Quite instinctively I started to fire lots of questions at her and, uncharacteristically, I felt I was interacting in a controlling, macho way which meant she was unable to really share with me what her dilemma was in relation to this client. After a few minutes I stopped in my tracks and said, “that’s weird. What’s going on? It looks like some parallel process is happening.” My supervisee replied, “it certainly does!” and we were able to laugh about it together. I did not really understand what had just occurred and, because I was writing about it for this column, I got in touch with her for her perception of what had happened. This is what she said:
“Supervision echoed this beautifully in the parallel process. You firmly held me back from telling you the trauma, like you were trying to control the flow of information from me, exactly as I did from him. It didn’t feel macho, but it felt constrained. In terms of whether it helped – it was a curious and fascinating process in supervision, but not unpleasant. It was very helpful for me to reflect on my own behaviour and my silent anxiety about re-traumatising my patient, and I think it helped me to ease up and trust him – that he was ready to talk – and to not ‘over-fragilise’ him, to use a Marsha Linehan term. It gave me a sense of how I had been with him. The patient’s reflection was that he felt cared for, safe and contained. And I would echo this in supervision. But interestingly, by this point in supervision, I was ready to talk, and on reflection, I think my patient was too. But we were all three of us a little nervous as to whether we could each handle what was about to come.”

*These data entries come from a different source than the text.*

(* Let $n, r \geq 1$ and $q \geq 0$ be integers and let $\epsilon \in F(r,n)$ with $|\epsilon| = n$. Then \[(-1)^{n-r}\sum_{s_1, \ldots, s_r \geq 0} (-1)^{\sum_i s_i} \binom{n}{q - \sum_i s_i} \prod_{i=1}^r \left((s_i+1)^{\epsilon(i)} - s_i^{\epsilon(i)}\right) = (-1)^{n-q-r} \sum_{\substack{t \in F(r,q) \\ |t| = q}} \prod_{i=1}^r E(\epsilon(i), t(i)).\]
   Context: $F(r,k)$ denotes the set of functions $\epsilon: \{1,\ldots,r\} \to \{0,\ldots,k\}$, $|\epsilon| = \sum_i \epsilon(i)$. $E(m,j)$ is the Eulerian number (number of permutations of $\{1,\ldots,m\}$ with exactly $j$ descents) for $m \geq 1$, with $E(m,j) = 0$ if $m \leq 0$ or $j \notin\{0,\ldots,m-1\}$. Binomial coefficients $\binom{n}{j}$ vanish for $j<0$ or $j > n$, and $0^0 = 1$. *)

theory Defs
  imports "HOL-Library.FuncSet" "HOL-Combinatorics.Permutations" Complex_Main
begin

definition Ffun :: "nat \<Rightarrow> nat \<Rightarrow> (nat \<Rightarrow> nat) set" where
  "Ffun r k = {1..r} \<rightarrow>\<^sub>E {0..k}"

definition fsize :: "nat \<Rightarrow> (nat \<Rightarrow> nat) \<Rightarrow> nat" where
  "fsize r e = (\<Sum>i=1..r. e i)"

definition eulerian :: "nat \<Rightarrow> nat \<Rightarrow> nat" where
  "eulerian m j = (if m = 0 then 0 else
     card {p. p permutes {1..m} \<and> card {i \<in> {1..<m}. p (Suc i) < p i} = j})"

Hopefully this story shows how the seven-eyed model can help us understand what is happening in supervision and how best we can make use of the supervisory relationship. It also illustrates how, just as in EMDR therapy we sometimes have to trust the process without really understanding what is happening for our client, the same can occur in supervision.
Doehrman, M. J. G. (1976). Parallel processes in supervision and psychotherapy. Bulletin of the Meninger Clinic, 40, 9-104.
Hawkins, P. (1985). Humanistic psychotherapy supervision: A conceptual framework. Self & Society, 13(2), 69-76.
Hawkins, P., & McMahon, A. (2020). Supervision in the helping professions (5th ed.). London: Open University Press.
Logie, R. (2023) EMDR supervision: A handbook. Routledge.
Logie, R., & De Jongh, A. (2014). The “Flashforward procedure”: Confronting the catastrophe. Journal of EMDR Practice and Research, 8(1), 25-32.
McNeill, B. W., & Worthen, V. (1989). The parallel process in psychotherapy supervision. Professional Psychology: Research and Practice, 20(5), 329.
Proctor, B. (1988). Supervision: A co-operative exercise in accountability. In M. Marken & M. Payne (Eds.), Enabling and ensuring. Leicester: National Youth Bureau and Council for Education and Training in Youth and Community Work.